Infarcts in the posterior circulation territory are accompanied by headaches in more than 50% of cases [10] Infarcts in the territory of the posterior inferior and superior cerebellar arteries are very frequently associated with headache which is one of the prominent symptoms [11].

On the other hand, AICA infarcts rarely cause headache: in a study describing 15 cases of AICA infarction not a single patient with headache as one of the symptoms was described [9]. In another study of 15 patients with multiple cerebellar and brainstem infarcts, none of the 5 patients with AICA infarcts reported headache, whereas 5 of the 10 other patients had headache as one of the presenting symptoms [12].

The patient’s head pain changed a lot during the course of the disease. At the onset of symptoms the clinical picture was reminiscent of SUNCT syndrome, albeit with less prominent autonomic accompaniments. First division trigeminal neuralgia with tearing was a less probable option due to the lack of refractory periods between provoked attacks; a refractory period of 2–3 min is very frequent in trigeminal neuralgia, while the great majority of SUNCT patients in the case series of Pareja and Sjaastad [13] did not experience any refractory period after pain triggering. Later the patient’s continuous mild head pain resembled hemicrania continua with superimposed severe attacks reminiscent of paroxysmal hemicrania. The sequential occurrence of different TAC types in the same patient has already been observed in some cases. One patient developed episodic paroxysmal hemicranias that later evolved in hemicrania continua [14]. Recently, Cosentino et al. [15] observed a patient in whom ipsilateral cluster headache, SUNCT and HC developed subsequently. These cases raise the issue of a common pathomechanism of these disorders, which most likely is the central disinhibition of the trigemino-autonomic reflex [16]. While in the primary TACs this disinhibition is probably mediated by hypothalamic activation (as already shown for cluster headache [17] and SUNCT syndrome [18]) through a hypothalamo-trigeminal pathway [19], the present case may have a different explanation.
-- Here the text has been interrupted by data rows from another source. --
lemma inP_square_fmat:
  assumes "inP m p U \<eta>"
  shows "square_fmat (p s) (\<eta> s 0 x)"
proof (cases "s \<le> m")
  case True
  then show ?thesis
    using assms[unfolded inP_def, THEN conjunct2, THEN conjunct1, rule_format, of s 0]
    by (simp add: square_fmat_def)
next
  case False
  then show ?thesis
    using inP_outside[OF assms] by (simp add: square_fmat_def)
qed

lemma inP_inverse:
  assumes "inP m p U \<eta>" "s \<le> m" "x \<in> U"
  shows "\<exists>B. is_minv (p s) (madd (idm (p s)) (\<eta> s 0 x)) B"
proof -
  obtain B where "\<forall>x i j. (p s \<le> i \<or> p s \<le> j) \<longrightarrow> B x i j = ezero"
    "\<forall>x\<in>U. mmul (p s) (madd (idm (p s)) (\<eta> s 0 x)) (B x) = idm (p s)
           \<and> mmul (p s) (B x) (madd (idm (p s)) (\<eta> s 0 x)) = idm (p s)"
    using assms(1)[unfolded inP_def, THEN conjunct2, THEN conjunct2, rule_format, OF assms(2)]
    by blast
  then have "is_minv (p s) (madd (idm (p s)) (\<eta> s 0 x)) (B x)"
    using assms(3) by (simp add: is_minv_def square_fmat_def)
  then show ?thesis by blast
qed

lemma gsj_minvertible:
  assumes "\<And>j. j \<ge> 1 \<Longrightarrow> inP m p U (\<eta> j)" and "x \<in> U"
  shows "minvertible (p s) (gsj p \<eta> s j x)"
proof (cases "j = 0 \<or> m < s")
  case True
  then have "gsj p \<eta> s j x = idm (p s)"
    using inP_outside[OF assms(1)] by (auto simp: gsj_def madd_def ezero_def)
  then show ?thesis
    by (simp add: minvertible_idm)
next
  case False
  then have P: "inP m p U (\<eta> j)"
    using assms(1) by simp
  show ?thesis
    unfolding minvertible_def gsj_def
    using False inP_inverse[OF P _ assms(2)]
    by (simp add: square_fmat_madd square_fmat_idm inP_square_fmat[OF P])
qed

lemma gs_minvertible:
  assumes "\<And>j. j \<ge> 1 \<Longrightarrow> inP m p U (\<eta> j)" and "x \<in> U"
  shows "minvertible (p s) (gs p \<eta> s k x)"
proof (induction k)
  case 0
  then show ?case by (simp add: gs_0 minvertible_idm)
next
  case (Suc k)
  then show ?case
    unfolding gs_Suc by (rule minvertible_mmul[OF _ gsj_minvertible[OF assms]])
qed
lemma partials_differentiable_on_Suc:
  "partials_differentiable_on S (Suc n) f \<longleftrightarrow>
     f differentiable_on S \<and> partials_differentiable_on S n (pd1 f) \<and> partials_differentiable_on S n (pd2 f)"
proof -
  have "(\<forall>bs. length bs \<le> Suc n \<longrightarrow> P bs) \<longleftrightarrow> P [] \<and> (\<forall>b bs. length bs \<le> n \<longrightarrow> P (bs @ [b]))"
    for P :: "bool list \<Rightarrow> bool"
  proof
    assume *: "P [] \<and> (\<forall>b bs. length bs \<le> n \<longrightarrow> P (bs @ [b]))"
    show "\<forall>bs. length bs \<le> Suc n \<longrightarrow> P bs"
    proof (intro allI impI)
      fix bs :: "bool list" assume "length bs \<le> Suc n"
      with * show "P bs" by (cases bs rule: rev_cases) auto
    qed
  qed auto
  from this[of "\<lambda>bs. pd_iter bs f differentiable_on S"] show ?thesis
    unfolding partials_differentiable_on_def pd_iter_snoc all_bool_eq by simp
qed

lemma partials_differentiable_on_mono:
  "partials_differentiable_on S n f \<Longrightarrow> m \<le> n \<Longrightarrow> partials_differentiable_on S m f"
  unfolding partials_differentiable_on_def by auto

lemma partials_differentiable_on_imp_differentiable_at:
  assumes "open S" "partials_differentiable_on S n f" "x \<in> S"
  shows "f differentiable at x"
  using partials_differentiable_on_mono[OF assms(2) le0] assms(1,3)
  by (simp add: differentiable_on_eq_differentiable_at)

lemma differentiable_on_cong:
  assumes "\<And>x. x \<in> S \<Longrightarrow> f x = g x" "g differentiable_on S"
  shows "f differentiable_on S"
  unfolding differentiable_on_def
proof
  fix x assume "x \<in> S"
  with assms(2) have "g differentiable (at x within S)" unfolding differentiable_on_def by blast
  then show "f differentiable (at x within S)"
    by (rule differentiable_transform_within[OF _ zero_less_one \<open>x \<in> S\<close>]) (simp add: assms(1))
qed

lemma partials_differentiable_on_cong:
  assumes "open S" "\<And>x. x \<in> S \<Longrightarrow> f x = g x" "partials_differentiable_on S n g"
  shows "partials_differentiable_on S n f"
  unfolding partials_differentiable_on_def
proof (intro allI impI)
  fix bs :: "bool list" assume "length bs \<le> n"
  then have "pd_iter bs g differentiable_on S"
    using assms(3) unfolding partials_differentiable_on_def by simp
  moreover have "pd_iter bs f x = pd_iter bs g x" if "x \<in> S" for x
    using pd_iter_cong[OF assms(1,2) that] .
  ultimately show "pd_iter bs f differentiable_on S"
    by (rule differentiable_on_cong[rotated])
qed

lemma partials_differentiable_on_SucI:
  assumes "open S" "f differentiable_on S"
    and "partials_differentiable_on S n fx" "\<And>x. x \<in> S \<Longrightarrow> pd1 f x = fx x"
    and "partials_differentiable_on S n fy" "\<And>x. x \<in> S \<Longrightarrow> pd2 f x = fy x"
  shows "partials_differentiable_on S (Suc n) f"
  unfolding partials_differentiable_on_Suc
  by (intro conjI assms(2) partials_differentiable_on_cong[OF assms(1) assms(4,3)]
      partials_differentiable_on_cong[OF assms(1) assms(6,5)])

lemma pd_const [simp]: "pd1 (\<lambda>_. c) = (\<lambda>_. 0)" "pd2 (\<lambda>_. c) = (\<lambda>_. 0)"
  using pd_eq_derivative[of "\<lambda>_. c" "\<lambda>_. 0"] by auto

lemma pd_snd [simp]: "pd1 snd = (\<lambda>_. 0)" "pd2 snd = (\<lambda>_. 1)"
  using pd_eq_derivative[OF bounded_linear_imp_has_derivative[OF bounded_linear_snd]] by auto

lemma partials_differentiable_on_const: "partials_differentiable_on S n (\<lambda>_. c)"
proof (induction n arbitrary: c)
  case (Suc n)
  then show ?case by (simp add: partials_differentiable_on_Suc)
qed simp

lemma partials_differentiable_on_snd: "partials_differentiable_on S n snd"
  by (cases n) (simp_all add: partials_differentiable_on_Suc partials_differentiable_on_const
      bounded_linear_imp_differentiable_on bounded_linear_snd)

lemma pd_add:
  fixes f g :: "real \<times> real \<Rightarrow> real"
  assumes "f differentiable at q" "g differentiable at q"
  shows "pd1 (\<lambda>x. f x + g x) q = pd1 f q + pd1 g q" "pd2 (\<lambda>x. f x + g x) q = pd2 f q + pd2 g q"
  using pd_eq_derivative[OF has_derivative_add[OF has_derivative_partials[OF assms(1)]
        has_derivative_partials[OF assms(2)]]]
  by auto

lemma pd_mult:
  fixes f g :: "real \<times> real \<Rightarrow> real"
  assumes "f differentiable at q" "g differentiable at q"
  shows "pd1 (\<lambda>x. f x * g x) q = pd1 f q * g q + f q * pd1 g q"
    "pd2 (\<lambda>x. f x * g x) q = pd2 f q * g q + f q * pd2 g q"
  using pd_eq_derivative[OF has_derivative_mult[OF has_derivative_partials[OF assms(1)]
        has_derivative_partials[OF assms(2)]]]
  by (auto simp: algebra_simps)

lemma pd_inverse:
  fixes f :: "real \<times> real \<Rightarrow> real"
  assumes "f differentiable at q" "f q \<noteq> 0"
  shows "pd1 (\<lambda>x. inverse (f x)) q = - pd1 f q * (inverse (f q) * inverse (f q))"
    "pd2 (\<lambda>x. inverse (f x)) q = - pd2 f q * (inverse (f q) * inverse (f q))"
  using pd_eq_derivative[OF Deriv.has_derivative_inverse[OF assms(2) has_derivative_partials[OF assms(1)]]]
  by (auto simp: algebra_simps)

lemma pd_uminus:
  fixes f :: "real \<times> real \<Rightarrow> real"
  assumes "f differentiable at q"
  shows "pd1 (\<lambda>x. - f x) q = - pd1 f q" "pd2 (\<lambda>x. - f x) q = - pd2 f q"
  using pd_eq_derivative[OF has_derivative_minus[OF has_derivative_partials[OF assms]]]
  by simp_all

lemma pd_divide:
  fixes f g :: "real \<times> real \<Rightarrow> real"
  assumes "f differentiable at q" "g differentiable at q" "g q \<noteq> 0"
  shows "pd1 (\<lambda>x. f x / g x) q = (pd1 f q * g q - f q * pd1 g q) / (g q)\<^sup>2"
    "pd2 (\<lambda>x. f x / g x) q = (pd2 f q * g q - f q * pd2 g q) / (g q)\<^sup>2"
  using pd_eq_derivative[OF has_derivative_divide[OF has_derivative_partials[OF assms(1)]
        has_derivative_partials[OF assms(2)] assms(3)]] assms(3)
  by (simp_all add: field_simps power2_eq_square)

lemma partials_differentiable_on_add:
  assumes "open S" shows "partials_differentiable_on S n f \<Longrightarrow> partials_differentiable_on S n g
    \<Longrightarrow> partials_differentiable_on S n (\<lambda>x. f x + g x)"
proof (induction n arbitrary: f g)
  case 0
  then show ?case by (simp add: differentiable_on_add)
next
  case (Suc n)
  have f: "f differentiable_on S" "partials_differentiable_on S n (pd1 f)" "partials_differentiable_on S n (pd2 f)"
    and g: "g differentiable_on S" "partials_differentiable_on S n (pd1 g)" "partials_differentiable_on S n (pd2 g)"
    using Suc.prems partials_differentiable_on_Suc by blast+
  have d: "f differentiable at x" "g differentiable at x" if "x \<in> S" for x
    using f(1) g(1) that differentiable_on_eq_differentiable_at[OF assms(1)] by blast+
  show ?case
  proof (rule partials_differentiable_on_SucI[
        where fx="\<lambda>x. pd1 f x + pd1 g x" and fy="\<lambda>x. pd2 f x + pd2 g x", OF assms(1)])
    show "(\<lambda>x. f x + g x) differentiable_on S"
      using f(1) g(1) by (rule differentiable_on_add)
    show "partials_differentiable_on S n (\<lambda>x. pd1 f x + pd1 g x)"
      "partials_differentiable_on S n (\<lambda>x. pd2 f x + pd2 g x)"
      by (intro Suc.IH f g)+
  next
    fix x assume "x \<in> S"
    from pd_add[OF d[OF this]]
    show "pd1 (\<lambda>x. f x + g x) x = pd1 f x + pd1 g x"
      and "pd2 (\<lambda>x. f x + g x) x = pd2 f x + pd2 g x" .
  qed
qed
The headaches caused by posterior circulation infarcts are very probably related to the activation of the trigeminovascular system [20]. In the present case, the involvement of the pontine trigeminal entry zone (which has been implicated in the pathogenesis of trigeminal neuralgia [21] and SUNCT-like headache [22]) may also have led to the attacks of pain and, during severe attacks, to autonomic symptoms by the activation of collaterals of second-order trigeminal neurones to the superior salivatory nucleus. Alternatively, the partial ischemic damage to the spinal trigeminal tract or nucleus (causing ipsilateral facial hypesthesia for pain and temperature) may have led to an aberrant signal transmission to higher-order pain centres.

Conclusion

Gasperini syndrome is a rare entity with a highly variable clinical picture. As the present case illustrates, ipsilateral headache involving the trigeminal territory may be one of its associated symptoms.